I coded the experience using the A-Frame Web.VR framework (source code). Steps involved include 1) mapping 2D photoshop layers into 3D objects using a customly designed Blender pipeline, 2) creating a layout algorithm to place objects randomly on a sphere using a combination of Perlin noise and Poisson-disc sampling, 3) coordinating production with fellow journalism students, and 4) composing custom theme music for the experience. I wrote a blog post about the process. The experience premiered at the Our Plastic Ocean exhibition at Impressions Gallery, England in 2019.
Inferactive is an interactive data tool for finding insights and inferences I made as part of my master’s thesis. The entirely web-based platform features a four-step analysis and discovery flow: 1) upload CSV data or select an example dataset, 2) refine by selecting columns to include/exclude from a table/detail view, 3) view statistics and one-dimensional charts for each data column, and 4) discover insights and trends in the data by viewing a shuffleable assortment of auto-generated plots correlating two data columns.
The project is written in Svelte and geared for frontend performance and the ability to handle large datasets.
“Sounds” is an interactive sound wave primer I wrote for fun in 2018. This online computational essay guides readers through the basics of sound wave theory. Part 2 delves into more experimental sound functions and 8-bit chiptunes.
“Auto-complete for music composition.” Tapcompose is a web app I built as part of a Stanford course that lets anyone write sheet music, bar by bar, with auto-generated suggestions. The web app features dynamic sheet music generation and a synced playback bar, with sounds generated using the Web Audio API in-browser.
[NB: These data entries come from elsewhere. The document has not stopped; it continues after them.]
(* Let $r,s\in(0,1)$ satisfy \[s = 2r(1-r)\qquad\text{and}\qquad r = 3s(1-s)^2 + 3s^2(1-s).\] Then the product measures $\mu_r$ and $\mu_s$ on $\Omega=\{0,1\}^{\mathbb{N}}$ are not homeomorphic; that is, there is no homeomorphism $h:\Omega\to\Omega$ with $\mu_s = \mu_r\circ h^{-1}$ (i.e. $\mu_s(A)=\mu_r(h^{-1}(A))$ for all Borel $A\subseteq\Omega$).
   Context: $\Omega=\{0,1\}^{\mathbb{N}}$ is the Cantor set with the product topology. For $r\in[0,1]$, $\lambda_r$ is the probability measure on $\{0,1\}$ with $\lambda_r\{1\}=r$, $\lambda_r\{0\}=1-r$, and $\mu_r$ is the infinite product measure $\lambda_r^{\mathbb{N}}$ on $\Omega$ (the Bernoulli measure). Two Borel measures $\mu,\nu$ on $\Omega$ are called homeomorphic if there is a homeomorphism $h$ of $\Omega$ onto itself with $\nu=\mu\circ h^{-1}$. *)

theory Defs
  imports "HOL-Probability.Probability"
begin

text \<open>The Cantor set \<Omega> = {0,1}^\<nat> is represented by the type nat \<Rightarrow> bool
  (True = 1, False = 0), with the product topology of discrete two-point spaces.\<close>

definition Cantor_top :: "(nat \<Rightarrow> bool) topology" where
  "Cantor_top = product_topology (\<lambda>_. discrete_topology (UNIV :: bool set)) UNIV"

definition bernoulli_measure :: "real \<Rightarrow> (nat \<Rightarrow> bool) measure" where
  "bernoulli_measure r = PiM UNIV (\<lambda>_. measure_pmf (bernoulli_pmf r))"

end

theory Submission
  imports Defs "HOL-Computational_Algebra.Polynomial" "HOL-Number_Theory.Cong"
begin

text \<open>
  Every clopen subset of the Cantor space depends on finitely many coordinates, so its
  mu_t-measure is a polynomial in t with integer coefficients. The hypotheses force
  12 r^3 - 24 r^2 + 18 r - 5 = 0; this cubic has no rational root, hence is the minimal
  polynomial of r, and since it vanishes at 10 modulo 25 while 12 is invertible modulo 25,
  sending r to 10 is a well-defined ring homomorphism from \<int>[r] to \<int>/25. It sends
  s = 2 r (1 - r) to -180, which is 20 modulo 25.

  Suppose h carries mu_r to mu_s, and let C_M be the cylinder of sequences starting with
  1 0 ... 0 (M digits), so that mu_r(C_M) = r (1 - r)^(M-1) is sent to 10 (-9)^(M-1), which is
  10 modulo 25. The image h(C_M) is clopen, so mu_s(h(C_M)) is a sum of cylinder weights
  s^k (1 - s)^(m-k). Modulo 25 such a weight vanishes for k >= 2, is 20 for k = 1, and is a unit
  modulo 5 for k = 0. Hence h(C_M) avoids the zero sequence and contains at least two unit
  sequences e_j. But the zero sequence is not in the clopen set h(C_1), so only finitely many
  e_j lie in it, and as the C_M shrink to the point e_0 the sets h(C_M) eventually contain no
  e_j other than h(e_0).
\<close>

lemma map_poly_of_int_add:
  "map_poly of_int (p + q) = map_poly of_int p + (map_poly of_int q :: 'a::ring_1 poly)"
  by (rule poly_eqI) (simp add: coeff_map_poly)

lemma map_poly_of_int_diff:
  "map_poly of_int (p - q) = map_poly of_int p - (map_poly of_int q :: 'a::ring_1 poly)"
  by (rule poly_eqI) (simp add: coeff_map_poly)

lemma map_poly_of_int_mult:
  "map_poly of_int (p * q) = map_poly of_int p * (map_poly of_int q :: 'a::comm_ring_1 poly)"
  by (rule poly_eqI) (simp add: coeff_map_poly coeff_mult)

lemma map_poly_of_rat_add:
  "map_poly of_rat (p + q) = map_poly of_rat p + (map_poly of_rat q :: 'a::field_char_0 poly)"
  by (rule poly_eqI) (simp add: coeff_map_poly of_rat_add)

lemma map_poly_of_rat_mult:
  "map_poly of_rat (p * q) = map_poly of_rat p * (map_poly of_rat q :: 'a::field_char_0 poly)"
  by (rule poly_eqI) (simp add: coeff_map_poly coeff_mult of_rat_sum of_rat_mult)

lemma poly_map_poly_of_rat_of_rat:
  "poly (map_poly of_rat p) (of_rat x) = (of_rat (poly p x) :: 'a::field_char_0)"
  by (induction p) (auto simp: map_poly_pCons of_rat_add of_rat_mult)

lemma poly_eq_linear:
  fixes p :: "'a::comm_semiring_1 poly"
  assumes "degree p \<le> 1"
  shows "poly p x = coeff p 0 + coeff p 1 * x"
proof -
  have "poly p x = (\<Sum>i\<le>1. coeff p i * x ^ i)"
    unfolding poly_altdef using assms by (intro sum.mono_neutral_left) (auto simp: coeff_eq_0)
  then show ?thesis
    by simp
qed

lemma rat_poly_linear_root_eq_0:
  fixes \<alpha> :: "'a::field_char_0"
  assumes "\<alpha> \<notin> \<rat>" "degree q \<le> 1" "poly (map_poly of_rat q) \<alpha> = 0"
  shows "q = 0"
proof -
  have root: "of_rat (coeff q 0) + of_rat (coeff q 1) * \<alpha> = 0"
    using assms(2,3) poly_eq_linear[of "map_poly of_rat q" \<alpha>]
    by (simp add: coeff_map_poly degree_map_poly)
  have "coeff q 1 = 0"
  proof (rule ccontr)
    assume "coeff q 1 \<noteq> 0"
    with root have "\<alpha> = of_rat (- coeff q 0 / coeff q 1)"
      by (simp add: of_rat_divide of_rat_minus eq_neg_iff_add_eq_0 field_simps)
    with assms(1) show False
      by simp
  qed
  with root have "coeff q 0 = 0"
    by simp
  with \<open>coeff q 1 = 0\<close> assms(2) show "q = 0"
    by (metis One_nat_def le_Suc_eq le_zero_eq leading_coeff_0_iff)
qed

lemma no_rational_root_imp_irrational:
  fixes F :: "rat poly" and \<alpha> :: "'a::field_char_0"
  assumes "\<And>x. poly F x \<noteq> 0" "poly (map_poly of_rat F) \<alpha> = 0"
  shows "\<alpha> \<notin> \<rat>"
proof
  assume "\<alpha> \<in> \<rat>"
  then obtain x where "\<alpha> = of_rat x"
    by (auto elim: Rats_cases)
  with assms show False
    by (simp add: poly_map_poly_of_rat_of_rat)
qed

lemma no_rational_root_cubic_minimal:
  fixes F q :: "rat poly" and \<alpha> :: "'a::field_char_0"
  assumes F: "degree F \<le> 3" "\<And>x. poly F x \<noteq> 0" "poly (map_poly of_rat F) \<alpha> = 0"
    and q: "degree q < degree F" "poly (map_poly of_rat q) \<alpha> = 0"
  shows "q = 0"
proof (rule ccontr)
  assume "q \<noteq> 0"
  have irrational: "\<alpha> \<notin> \<rat>"
    using no_rational_root_imp_irrational F(2,3) .
  have "degree q = 2"
    using rat_poly_linear_root_eq_0[OF irrational _ q(2)] \<open>q \<noteq> 0\<close> F(1) q(1) by linarith
  define d where "d = F div q"
  have "poly (map_poly of_rat F) \<alpha>
      = poly (map_poly of_rat d) \<alpha> * poly (map_poly of_rat q) \<alpha> + poly (map_poly of_rat (F mod q)) \<alpha>"
    unfolding d_def by (metis div_mult_mod_eq map_poly_of_rat_add map_poly_of_rat_mult poly_add poly_mult)
  then have "poly (map_poly of_rat (F mod q)) \<alpha> = 0"
    using F(3) q(2) by simp
  moreover have "degree (F mod q) \<le> 1"
    using degree_mod_less[OF \<open>q \<noteq> 0\<close>, of F] \<open>degree q = 2\<close> by (cases "F mod q = 0") auto
  ultimately have "F mod q = 0"
    using rat_poly_linear_root_eq_0[OF irrational] by blast
  then have F_eq: "F = d * q"
    using div_mult_mod_eq[of F q] unfolding d_def by simp
  have "F \<noteq> 0"
    using F(2)[of 0] by auto
  then have "degree d = 1"
    using F(1) q(1) \<open>degree q = 2\<close> unfolding F_eq by (simp add: degree_mult_eq)
  then have "coeff d 1 \<noteq> 0"
    by (metis leading_coeff_0_iff degree_0 zero_neq_one)
  then have "poly d (- coeff d 0 / coeff d 1) = 0"
    using poly_eq_linear[of d] \<open>degree d = 1\<close> by simp
  then show False
    using F(2)[of "- coeff d 0 / coeff d 1"] unfolding F_eq by simp
qed

section \<open>Reducing \<int>[\<alpha>] modulo n\<close>

text \<open>Under these assumptions \<alpha> \<mapsto> a induces a ring homomorphism \<int>[\<alpha>] \<rightarrow> \<int>/n;
  has_residue x k says that x lies in \<int>[\<alpha>] and is mapped to k.\<close>

locale root_residue =
  fixes F :: "int poly" and \<alpha> :: "'a::comm_ring_1" and a n :: int
  assumes root: "poly (map_poly of_int F) \<alpha> = 0"
    and minimal: "\<And>q. poly (map_poly of_int q) \<alpha> = 0 \<Longrightarrow> degree q < degree F \<Longrightarrow> q = 0"
    and coprime_lead_coeff: "coprime (lead_coeff F) n"
    and root_cong: "[poly F a = 0] (mod n)"
begin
Source code. YouTube demo.
AudioSet is a static website I designed at Google to showcase an ontology of sound events and collection of over 2 million manually annotated YouTube clips. The website presents all the YouTube clip thumbnails, dynamically requesting more as the user scrolls using JSONP. I used Closure Templates to build reusable components for static pages. I also contributed to the paper behind the website, which was presented at the 2017 IEEE International Conference on Acoustics, Speech and Signal Processing (ICASSP) in New Orleans.
Sonority is an interactive visualization of the harmonic similarity between all the Beatles’ songs. I built the graphic using D3.js. Using a custom Python processing script, I statically generated thousands of audio clips representing the most aligned excerpt of each pair of songs. This work was part of my undergraduate thesis which I presented at the 2015 International Society for Music Information Retrieval (ISMIR) conference in Malaga, Spain.
For this report, I interviewed record-holder Michael Granville, whose 1996 race performance at the semifinals of the California State Meet has yet to be matched. Beyond his running performance, the video explores his relationship with his father who coached him and unearths never-before-uploaded footage of the actual race. The video features original music I composed in high school when I was an 800m athlete.
In recent years, residents of the Santa Cruz mountains have organized social media communities on Facebook to share trail camera footage of their wooded backyards. The shared media reveals just how prevalent, and elusive, mountain lions are in the bay area. I interviewed leaders of the social media groups and produced a video report and article.
An article I co-authored with Jackie Botts on the impact of the 2017 “Wine Country” fires on undocumented immigrants. The article got picked up by PRI’s The World and features a written component and video report.